Hay mañanas en las que cuesta ubicarse. El espacio-tiempo, ese modelo matemático que combina el espacio y el tiempo como dos conceptos relacionados, inseparables, pero individuales en sí, se desarticula, fundiendo sin lógica espacio y tiempo en un único concepto: la incertidumbre. Una terrible falta de certeza que no llega para generar duda, sino algo peor, inquietud. No saber dónde se está, si es de día o de noche, en qué posición se halla el cuerpo o que cita ha dejado de ser para siempre ineludible. Turba la angustia de unos segundos fuera de toda dimensión, exagerados, porque los segundos, esa medida ínfima de tiempo, tienen la potestad de dilatarse y agrandarse y hacer interminable lo finito e inmenso lo diminuto. Pero en un instante conseguimos arrancar legañas y pitañas, refrescar el rostro, reconocernos y hasta constatar la dirección exacta de la rotación del eje de la tierra, somos conscientes de que todo está en orden, hasta el desorden. Volvemos a la locura reconocible de la vida, con su espacio sólido y su tiempo loco. Tranquiliza entonces saber que las tragedias siguen su curso, las alegrías el suyo, la soledad avanza firme, los ascensos son un hecho y los descensos se precipitan veloces por su abismo propio.

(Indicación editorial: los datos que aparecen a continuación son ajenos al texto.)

(* Let $a,b\in\mathbb{H}$ have norm one and let $T_{a,b}(x)=axb$. Then $\psi(\psi(y)\bar x+yx)=\psi(y)\bar x+yx$ holds for all $x,y\in\mathbb{H}$ with $\psi=T_{a,b}$ if and only if $a=b=\pm1$, i.e. $T_{a,b}=I_{\mathbb{H}}$.
   Context: $\bar x$ denotes quaternion conjugation and $I_{\mathbb{H}}$ the identity map. *)

theory Defs
  imports Complex_Main
begin

datatype quat = Quat (Re: real) (Im1: real) (Im2: real) (Im3: real)

instantiation quat :: "{zero, one, plus, uminus, times}"
begin
definition "0 = Quat 0 0 0 0"
definition "1 = Quat 1 0 0 0"
definition "x + y = Quat (Re x + Re y) (Im1 x + Im1 y) (Im2 x + Im2 y) (Im3 x + Im3 y)"
definition "- x = Quat (- Re x) (- Im1 x) (- Im2 x) (- Im3 x)"
definition "x * y = Quat
   (Re x * Re y - Im1 x * Im1 y - Im2 x * Im2 y - Im3 x * Im3 y)
   (Re x * Im1 y + Im1 x * Re y + Im2 x * Im3 y - Im3 x * Im2 y)
   (Re x * Im2 y - Im1 x * Im3 y + Im2 x * Re y + Im3 x * Im1 y)
   (Re x * Im3 y + Im1 x * Im2 y - Im2 x * Im1 y + Im3 x * Re y)"
instance ..
end

definition qcnj :: "quat \<Rightarrow> quat" where
  "qcnj x = Quat (Re x) (- Im1 x) (- Im2 x) (- Im3 x)"

definition qnorm :: "quat \<Rightarrow> real" where
  "qnorm x = sqrt ((Re x)\<^sup>2 + (Im1 x)\<^sup>2 + (Im2 x)\<^sup>2 + (Im3 x)\<^sup>2)"

definition T :: "quat \<Rightarrow> quat \<Rightarrow> quat \<Rightarrow> quat" where
  "T a b x = a * x * b"

end

theory Submission
  imports Defs
begin

text \<open>
  Putting x = 1 shows that T(x) = a x b is an involution, so y maps to a^2 y b^2 identically
  and b^2 is central, hence real. If b = 1 or b = -1 then a = 1 or a = -1, so T is the identity
  or its negative, and the negative fails the identity. Otherwise a and b are imaginary units;
  x = b, y = 1 gives b = -a, so T is conjugation by a, and x = a then forces a to be central,
  which is absurd.
\<close>

lemma quat_eq_iff: "x = y \<longleftrightarrow> Re x = Re y \<and> Im1 x = Im1 y \<and> Im2 x = Im2 y \<and> Im3 x = Im3 y"
  by (cases x; cases y) auto

instantiation quat :: minus
begin
definition "x - (y::quat) = x + - y"
instance ..
end

lemma quat_components [simp]:
  "Re 0 = 0" "Im1 0 = 0" "Im2 0 = 0" "Im3 0 = 0"
  "Re 1 = 1" "Im1 1 = 0" "Im2 1 = 0" "Im3 1 = 0"
  "Re (x + y) = Re x + Re y" "Im1 (x + y) = Im1 x + Im1 y"
  "Im2 (x + y) = Im2 x + Im2 y" "Im3 (x + y) = Im3 x + Im3 y"
  "Re (- x) = - Re x" "Im1 (- x) = - Im1 x" "Im2 (- x) = - Im2 x" "Im3 (- x) = - Im3 x"
  "Re (x - y) = Re x - Re y" "Im1 (x - y) = Im1 x - Im1 y"
  "Im2 (x - y) = Im2 x - Im2 y" "Im3 (x - y) = Im3 x - Im3 y"
  "Re (x * y) = Re x * Re y - Im1 x * Im1 y - Im2 x * Im2 y - Im3 x * Im3 y"
  "Im1 (x * y) = Re x * Im1 y + Im1 x * Re y + Im2 x * Im3 y - Im3 x * Im2 y"
  "Im2 (x * y) = Re x * Im2 y - Im1 x * Im3 y + Im2 x * Re y + Im3 x * Im1 y"
  "Im3 (x * y) = Re x * Im3 y + Im1 x * Im2 y - Im2 x * Im1 y + Im3 x * Re y"
  "Re (qcnj x) = Re x" "Im1 (qcnj x) = - Im1 x" "Im2 (qcnj x) = - Im2 x" "Im3 (qcnj x) = - Im3 x"
  by (simp_all add: zero_quat_def one_quat_def plus_quat_def uminus_quat_def minus_quat_def
      times_quat_def qcnj_def)

instance quat :: ring_1
  by standard (auto simp: quat_eq_iff algebra_simps)

lemma quat_one_neq_minus_one: "(1::quat) \<noteq> - 1"
  by (simp add: quat_eq_iff)

lemma quat_add_self_eq_0_iff: "z + z = 0 \<longleftrightarrow> (z::quat) = 0"
  by (auto simp: quat_eq_iff)

lemma qcnj_one [simp]: "qcnj 1 = 1"
  by (simp add: quat_eq_iff)

lemma qnorm_eq_1_iff: "qnorm x = 1 \<longleftrightarrow> (Re x)\<^sup>2 + (Im1 x)\<^sup>2 + (Im2 x)\<^sup>2 + (Im3 x)\<^sup>2 = 1"
  by (simp add: qnorm_def)

lemma qnorm_eq_1_imp_mult_qcnj:
  assumes "qnorm x = 1"
  shows "x * qcnj x = 1" and "qcnj x * x = 1"
  using assms by (simp_all add: qnorm_eq_1_iff quat_eq_iff power2_eq_square)

lemma central_quat_is_real:
  assumes "\<And>y. y * c = c * y"
  shows "Im1 c = 0 \<and> Im2 c = 0 \<and> Im3 c = 0"
  using assms[of "Quat 0 1 0 0"] assms[of "Quat 0 0 1 0"] by (simp add: quat_eq_iff)

lemma central_unit_quat:
  assumes "qnorm c = 1" and "\<And>y. y * c = c * y"
  shows "c = 1 \<or> c = - 1"
proof -
  have "Im1 c = 0 \<and> Im2 c = 0 \<and> Im3 c = 0"
    using central_quat_is_real assms(2) by blast
  moreover from this have "(Re c)\<^sup>2 = 1"
    using assms(1) by (simp add: qnorm_eq_1_iff)
  ultimately show ?thesis
    by (auto simp: quat_eq_iff power2_eq_1_iff)
qed

lemma unit_quat_central_square:
  assumes "qnorm b = 1" and "\<And>y. y * (b * b) = (b * b) * y"
  shows "b = 1 \<or> b = - 1 \<or> b * b = - 1"
proof (cases "Re b = 0")
  case True
  then show ?thesis
    using assms(1) by (simp add: quat_eq_iff qnorm_eq_1_iff power2_eq_square algebra_simps)
next
  case False
  with central_quat_is_real[OF assms(2)]
  have "Im1 b = 0 \<and> Im2 b = 0 \<and> Im3 b = 0"
    by simp
  then have "\<And>y. y * b = b * y"
    by (simp add: quat_eq_iff algebra_simps)
  then show ?thesis
    using central_unit_quat assms(1) by blast
qed

definition admissible :: "(quat \<Rightarrow> quat) \<Rightarrow> bool" where
  "admissible \<psi> \<longleftrightarrow> (\<forall>x y. \<psi> (\<psi> y * qcnj x + y * x) = \<psi> y * qcnj x + y * x)"

lemma admissibleD:
  "admissible \<psi> \<Longrightarrow> \<psi> (\<psi> y * qcnj x + y * x) = \<psi> y * qcnj x + y * x"
  by (simp add: admissible_def)

lemma admissible_id: "admissible (\<lambda>y. y)"
  by (simp add: admissible_def)

lemma not_admissible_uminus: "\<not> admissible uminus"
proof
  assume "admissible uminus"
  from admissibleD[OF this, where x = "Quat 0 1 0 0" and y = 1] show False
    by (simp add: quat_eq_iff)
qed

lemma T_add: "T a b (x + y) = T a b x + T a b y"
  by (simp add: T_def ring_distribs)

lemma admissible_T_involution:
  assumes "admissible (T a b)"
  shows "T a b (T a b y) = y"
proof -
  have "T a b (T a b y + y) = T a b y + y"
    using admissibleD[OF assms, where x = 1] by simp
  then show ?thesis
    by (simp add: T_add)
qed

lemma central_if_conjugation_trivial:
  fixes u v c :: "'a::ring_1"
  assumes "v * u = 1" and "\<And>y. u * y * c = y"
  shows "y * c = c * y"
proof -
  have "c = v"
    using assms by (metis mult.assoc mult_1_left mult_1_right)
  have "c * y = c * (u * y * c)"
    using assms(2) by simp
  also have "\<dots> = y * c"
    using assms(1) by (simp add: \<open>c = v\<close> mult.assoc[symmetric])
  finally show ?thesis by simp
qed

lemma unit_quat_square_minus_one_qcnj:
  assumes "qnorm x = 1" and "x * x = - 1"
  shows "qcnj x = - x"
proof -
  have "qcnj x * (x * x) = (qcnj x * x) * x"
    by (simp add: mult.assoc)
  then have "- qcnj x = x"
    using assms by (simp add: qnorm_eq_1_imp_mult_qcnj)
  then show ?thesis
    by (simp add: minus_equation_iff)
qed

lemma admissible_T_central_square:
  assumes "qnorm a = 1" and "admissible (T a b)"
  shows "y * (b * b) = (b * b) * y" and "a * a * (b * b) = 1"
proof -
  have conj: "(a * a) * y * (b * b) = y" for y
    using admissible_T_involution[OF assms(2), of y] by (simp add: T_def mult.assoc)
  have "(qcnj a * qcnj a) * (a * a) = qcnj a * (qcnj a * a) * a"
    by (simp add: mult.assoc)
  then have "(qcnj a * qcnj a) * (a * a) = 1"
    using qnorm_eq_1_imp_mult_qcnj(2)[OF assms(1)] by simp
  from central_if_conjugation_trivial[OF this conj]
  show "y * (b * b) = (b * b) * y" .
  show "a * a * (b * b) = 1"
    using conj[of 1] by simp
qed

lemma admissible_T_real:
  assumes "qnorm a = 1" and "admissible (T a b)" and "b = 1 \<or> b = - 1"
  shows "(a = 1 \<and> b = 1) \<or> (a = - 1 \<and> b = - 1)"
proof -
  have "a * a = 1"
    using admissible_T_central_square(2)[OF assms(1,2)] assms(3) by auto
  then have "a = 1 \<or> a = - 1"
    using unit_quat_central_square[OF assms(1)] quat_one_neq_minus_one by auto
  moreover have "T 1 (- 1) = uminus" "T (- 1) 1 = uminus"
    by (simp_all add: T_def fun_eq_iff)
  ultimately show ?thesis
    using assms(2,3) not_admissible_uminus by auto
qed

lemma not_admissible_T_imaginary:
  assumes "qnorm a = 1" and "qnorm b = 1" and "admissible (T a b)" and "b * b = - 1"
  shows False
proof -
  have aa: "a * a = - 1"
    using admissible_T_central_square(2)[OF assms(1,3)] assms(4) by (simp add: minus_equation_iff)
  then have aa': "a * (a * z) = - z" for z
    by (simp add: mult.assoc[symmetric])
  have "T a b (a + b) = a + b"
    using admissibleD[OF assms(3), where x = b and y = 1]
    by (simp add: T_def unit_quat_square_minus_one_qcnj[OF assms(2,4)] mult.assoc assms(4))
  moreover have "T a b (a + b) = - (a + b)"
    using aa assms(4) by (simp add: T_def algebra_simps mult.assoc)
  ultimately have b: "b = - a"
    by (metis quat_add_self_eq_0_iff add_eq_0_iff2 minus_unique add.commute)
  have "a * y = y * a" for y
  proof -
    txt \<open>Here T y = - a y a; the identity at x = a reduces to a y - y a = y a - a y.\<close>
    have "a * y - y * a = - (a * y - y * a)"
      using admissibleD[OF assms(3), where x = a and y = y]
      by (simp add: b T_def unit_quat_square_minus_one_qcnj[OF assms(1) aa] algebra_simps aa aa')
    then show ?thesis
      by (metis quat_add_self_eq_0_iff eq_neg_iff_add_eq_0 eq_iff_diff_eq_0)
  qed
  then have "a = 1 \<or> a = - 1"
    using central_unit_quat[OF assms(1)] by metis
  then show False
    using aa quat_one_neq_minus_one by auto
qed

theorem lemma9:
  fixes a b :: quat
  assumes "qnorm a = 1" and "qnorm b = 1"
  shows "(\<forall>x y. T a b (T a b y * qcnj x + y * x) = T a b y * qcnj x + y * x)
         \<longleftrightarrow> ((a = 1 \<and> b = 1) \<or> (a = - 1 \<and> b = - 1))"
proof -
  have "admissible (T a b) \<longleftrightarrow> (a = 1 \<and> b = 1) \<or> (a = - 1 \<and> b = - 1)"
  proof
    assume adm: "admissible (T a b)"
    have "b = 1 \<or> b = - 1 \<or> b * b = - 1"
      using unit_quat_central_square assms(2) admissible_T_central_square(1)[OF assms(1) adm] by blast
    then show "(a = 1 \<and> b = 1) \<or> (a = - 1 \<and> b = - 1)"
      using admissible_T_real not_admissible_T_imaginary assms adm by blast
  next
    assume "(a = 1 \<and> b = 1) \<or> (a = - 1 \<and> b = - 1)"
    then have "T a b = (\<lambda>y. y)"
      by (auto simp: T_def fun_eq_iff)
    then show "admissible (T a b)"
      using admissible_id by simp
  qed
  then show ?thesis
    by (simp add: admissible_def)
qed

end
definition excess :: "('a::finite \<Rightarrow> real) \<Rightarrow> ('a \<Rightarrow> real) \<Rightarrow> real" where
  "excess P Q = (\<Sum>x | Q x < P x. P x - Q x)"

definition pairing_index :: "('a::finite \<Rightarrow> real) \<Rightarrow> ('a \<Rightarrow> real) \<Rightarrow> ('a \<times> 'a) set" where
  "pairing_index P Q = {a. Q a < P a} \<times> {b. P b < Q b} \<union> (\<lambda>c. (c, c)) ` {c. P c = Q c}"

text \<open>
  For \<open>P a > Q a\<close> and \<open>P b < Q b\<close> the piece \<open>(a, b)\<close> takes the fractions proportional to
  \<open>Q b - P b\<close> of \<open>a\<close> and \<open>P a - Q a\<close> of \<open>b\<close>, so that \<open>P\<close> and \<open>Q\<close> give it the same mass;
  points with \<open>P c = Q c\<close> form pieces of their own.
\<close>
definition pairing_cf :: "('a::finite \<Rightarrow> real) \<Rightarrow> ('a \<Rightarrow> real) \<Rightarrow> 'a \<times> 'a \<Rightarrow> 'a \<Rightarrow> real" where
  "pairing_cf P Q k x =
     (if fst k = snd k then of_bool (x = fst k)
      else (of_bool (x = fst k) * (Q (snd k) - P (snd k))
          + of_bool (x = snd k) * (P (fst k) - Q (fst k))) / excess P Q)"

lemma excess_eq_deficit:
  assumes "is_dist P" "is_dist Q"
  shows "(\<Sum>x | P x < Q x. Q x - P x) = excess P Q"
proof -
  let ?A = "{x. Q x < P x}" and ?B = "{x. P x < Q x}"
  have "(\<Sum>x\<in>UNIV. P x - Q x) = (\<Sum>x\<in>?A \<union> ?B. P x - Q x)"
    by (intro sum.mono_neutral_right) auto
  also have "\<dots> = (\<Sum>x\<in>?A. P x - Q x) + (\<Sum>x\<in>?B. P x - Q x)"
    by (intro sum.union_disjoint) auto
  finally have "(\<Sum>x\<in>UNIV. P x - Q x) = \<dots>" .
  moreover have "(\<Sum>x\<in>?B. P x - Q x) = - (\<Sum>x\<in>?B. Q x - P x)" by (simp add: sum_subtractf)
  moreover have "(\<Sum>x\<in>UNIV. P x - Q x) = 0" using assms by (simp add: is_dist_def sum_subtractf)
  ultimately show ?thesis by (simp add: excess_def)
qed

lemma sum_pairing_cf:
  assumes PQ: "is_dist P" "is_dist Q"
  shows "(\<Sum>k\<in>pairing_index P Q. pairing_cf P Q k x) = 1"
proof -
  let ?A = "{a. Q a < P a}" and ?B = "{b. P b < Q b}" and ?C = "{c. P c = Q c}"
  have A: "0 < excess P Q" if "x \<in> ?A"
    unfolding excess_def using that by (intro sum_pos2[of _ x]) auto
  have B: "0 < excess P Q" if "x \<in> ?B"
    unfolding excess_eq_deficit[OF PQ, symmetric] using that by (intro sum_pos2[of _ x]) auto
  have "(\<Sum>k\<in>?A \<times> ?B. pairing_cf P Q k x)
      = (\<Sum>a\<in>?A. \<Sum>b\<in>?B. (of_bool (x = a) * (Q b - P b)
          + of_bool (x = b) * (P a - Q a)) / excess P Q)"
    unfolding sum.cartesian_product by (intro sum.cong) (auto simp: pairing_cf_def)
  also have "\<dots> = ((if x \<in> ?A then (\<Sum>b\<in>?B. Q b - P b) else 0)
      + (if x \<in> ?B then (\<Sum>a\<in>?A. P a - Q a) else 0)) / excess P Q"
    by (simp add: sum.distrib sum_divide_distrib[symmetric] sum_distrib_left[symmetric]
        sum_distrib_right[symmetric])
  also have "\<dots> = (if x \<in> ?A then 1 else 0) + (if x \<in> ?B then 1 else 0)"
    using A B excess_eq_deficit[OF PQ]
    by (cases "x \<in> ?A \<union> ?B") (auto simp: excess_def add_divide_distrib)
  finally have "(\<Sum>k\<in>?A \<times> ?B. pairing_cf P Q k x) = \<dots>" .
  moreover have "(\<Sum>k\<in>(\<lambda>c. (c, c)) ` ?C. pairing_cf P Q k x) = (if x \<in> ?C then 1 else 0)"
    by (subst sum.reindex) (auto simp: inj_on_def pairing_cf_def)
  ultimately show ?thesis
    unfolding pairing_index_def by (subst sum.union_disjoint) (auto simp: not_less)
qed
(* Every non-zero element of $\mathbb{C}^{\mathbb{Z}}_{\mathrm{fin}}$ is generic.
   Context: $\mathbb{Z}$ acts on $\mathbb{C}^{\mathbb{Z}}$ by $n\cdot(a_i)_{i\in\mathbb{Z}}=(a_{i+n})_{i\in\mathbb{Z}}$; the elements $n\cdot\mathbf{a}$ are the $\mathbb{Z}$-translates of $\mathbf{a}$. $\mathbb{C}^{\mathbb{Z}}_{\mathrm{fin}}$ is the subspace of $\mathbb{C}^{\mathbb{Z}}$ of sequences with only finitely many non-zero entries. An element $\mathbf{a}\in\mathbb{C}^{\mathbb{Z}}$ is generic if the multiset of all its $\mathbb{Z}$-translates is linearly independent. *)

theory Defs
  imports Complex_Main
begin

definition shift :: "int \<Rightarrow> (int \<Rightarrow> complex) \<Rightarrow> (int \<Rightarrow> complex)" where
  "shift n a = (\<lambda>i. a (i + n))"

definition fin_supp :: "(int \<Rightarrow> complex) \<Rightarrow> bool" where
  "fin_supp a \<longleftrightarrow> finite {i. a i \<noteq> 0}"

text \<open>Generic: the family (n . a) indexed by n in Z (a multiset, repetitions counted)
  is linearly independent over C: every finite linear combination that vanishes
  has all coefficients zero.\<close>
definition generic :: "(int \<Rightarrow> complex) \<Rightarrow> bool" where
  "generic a \<longleftrightarrow>
     (\<forall>S c. finite S \<longrightarrow> (\<forall>i. (\<Sum>n\<in>S. c n * shift n a i) = 0) \<longrightarrow> (\<forall>n\<in>S. c n = 0))"

end

theory Submission
  imports Defs
begin

text \<open>Let \<open>m\<close> be the last index of the support of \<open>a\<close>. In a vanishing finite combination
  \<open>\<Sum>n\<in>S. c n \<cdot> (n \<cdot> a)\<close>, let \<open>n\<^sub>0\<close> be the least shift with a non-zero coefficient.
  At position \<open>m - n\<^sub>0\<close> every other shift with a non-zero coefficient reads \<open>a\<close> beyond \<open>m\<close>,
  so the combination there equals \<open>c n\<^sub>0 \<cdot> a m \<noteq> 0\<close>.\<close>

lemma fin_supp_obtain_last_nonzero:
  assumes "fin_supp a" and "a \<noteq> (\<lambda>i. 0)"
  obtains m where "a m \<noteq> 0" and "\<And>j. m < j \<Longrightarrow> a j = 0"
proof
  define A where "A = {i. a i \<noteq> 0}"
  have fin: "finite A" and ne: "A \<noteq> {}"
    using assms unfolding fin_supp_def A_def by auto
  show "a (Max A) \<noteq> 0"
    using Max_in[OF fin ne] unfolding A_def by simp
  show "a j = 0" if "Max A < j" for j
    using Max_ge[OF fin, of j] that unfolding A_def by fastforce
qed

lemma sum_shift_leading_term:
  assumes "finite S" and "n\<^sub>0 \<in> S"
    and least: "\<And>k. k \<in> S \<Longrightarrow> c k \<noteq> 0 \<Longrightarrow> n\<^sub>0 \<le> k"
    and vanish_above: "\<And>j. m < j \<Longrightarrow> a j = 0"
  shows "(\<Sum>k\<in>S. c k * shift k a (m - n\<^sub>0)) = c n\<^sub>0 * a m"
proof -
  have rest: "\<forall>k\<in>S - {n\<^sub>0}. c k * shift k a (m - n\<^sub>0) = 0"
  proof
    fix k
    assume k: "k \<in> S - {n\<^sub>0}"
    show "c k * shift k a (m - n\<^sub>0) = 0"
    proof (cases "c k = 0")
      case False
      with k least[of k] have "n\<^sub>0 < k" by auto
      then show ?thesis using vanish_above[of "m - n\<^sub>0 + k"] by (simp add: shift_def)
    qed simp
  qed
  show ?thesis
    using sum.remove[OF assms(1,2), of "\<lambda>k. c k * shift k a (m - n\<^sub>0)"] sum.neutral[OF rest]
    by (simp add: shift_def)
qed

theorem lemma2p2:
  fixes a :: "int \<Rightarrow> complex"
  assumes "fin_supp a" and "a \<noteq> (\<lambda>i. 0)"
  shows "generic a"
  unfolding generic_def
proof (intro allI impI ballI)
  fix S c n
  assume "finite S" and vanish: "\<forall>i. (\<Sum>k\<in>S. c k * shift k a i) = 0" and "n \<in> S"
  obtain m where am: "a m \<noteq> 0" and vanish_above: "\<And>j. m < j \<Longrightarrow> a j = 0"
    using fin_supp_obtain_last_nonzero[OF assms] by blast
  show "c n = 0"
  proof (rule ccontr)
    assume "c n \<noteq> 0"
    define T where "T = {k \<in> S. c k \<noteq> 0}"
    have fin: "finite T" and ne: "T \<noteq> {}"
      using \<open>finite S\<close> \<open>n \<in> S\<close> \<open>c n \<noteq> 0\<close> unfolding T_def by auto
    have n\<^sub>0: "Min T \<in> S" "c (Min T) \<noteq> 0"
      using Min_in[OF fin ne] unfolding T_def by auto
    have least: "Min T \<le> k" if "k \<in> S" "c k \<noteq> 0" for k
      using Min_le[OF fin, of k] that unfolding T_def by simp
    have "c (Min T) * a m = (\<Sum>k\<in>S. c k * shift k a (m - Min T))"
      using sum_shift_leading_term[OF \<open>finite S\<close> n\<^sub>0(1) least vanish_above] by simp
    also have "\<dots> = 0"
      using vanish by simp
    finally show False
      using n\<^sub>0(2) am by simp
  qed
qed

end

Hay mañanas en las que es imposible salir de la extraña dimensión del desconcierto, mañanas en las que de nada sirve el agua fría de la ducha porque la inquietud no cabe por el desagüe. Momentos en los que se funde el espacio de la pesadilla con el de la realidad, pero donde prevalece, por encima de cualquier percepción real, la angustia del ensueño. Escalofriantes situaciones en las que el espacio se diluye y desaparece de repente y un testigo mudo ocupa su lugar e indica que se ha excedido el límite no definido del tiempo. Y como en un delirio perfecto, hay que recomenzar. Repetir en un bucle diabólico los mismos pasos para llegar, cada vez más agotado, al mismo punto en el que con un puf sordo toda prueba superada, todo dato tecleado vuelve a desaparecer, y de nuevo, y otra vez, nos situamos en la casilla de salida. Los ojos duelen en esta nueva dimensión que define el oscuro tiempo y el espacio intangible; el seso se contrae y el cuerpo lamenta con dolores agudos el cansancio, aunque rija la inmovilidad. Una pesadilla perfecta de la que es imposible salir por mucha agua que se arroje al rostro con virulencia. El espejo no ayuda para reconocerse y ubicarse y despertar, porque del otro lado mira impasible un administrativo frustrado, un malogrado ingeniero informático, una marrada informática, incapaz de hacerse con la oficina virtual. Tal vez haya suerte y termine por entender cuándo fue que nos abandonaron para siempre en la incertidumbre, en qué momento nos convirtieron en burócratas. Una pequeña rueda gira incesante en la pantalla indicando que la perplejidad está en curso…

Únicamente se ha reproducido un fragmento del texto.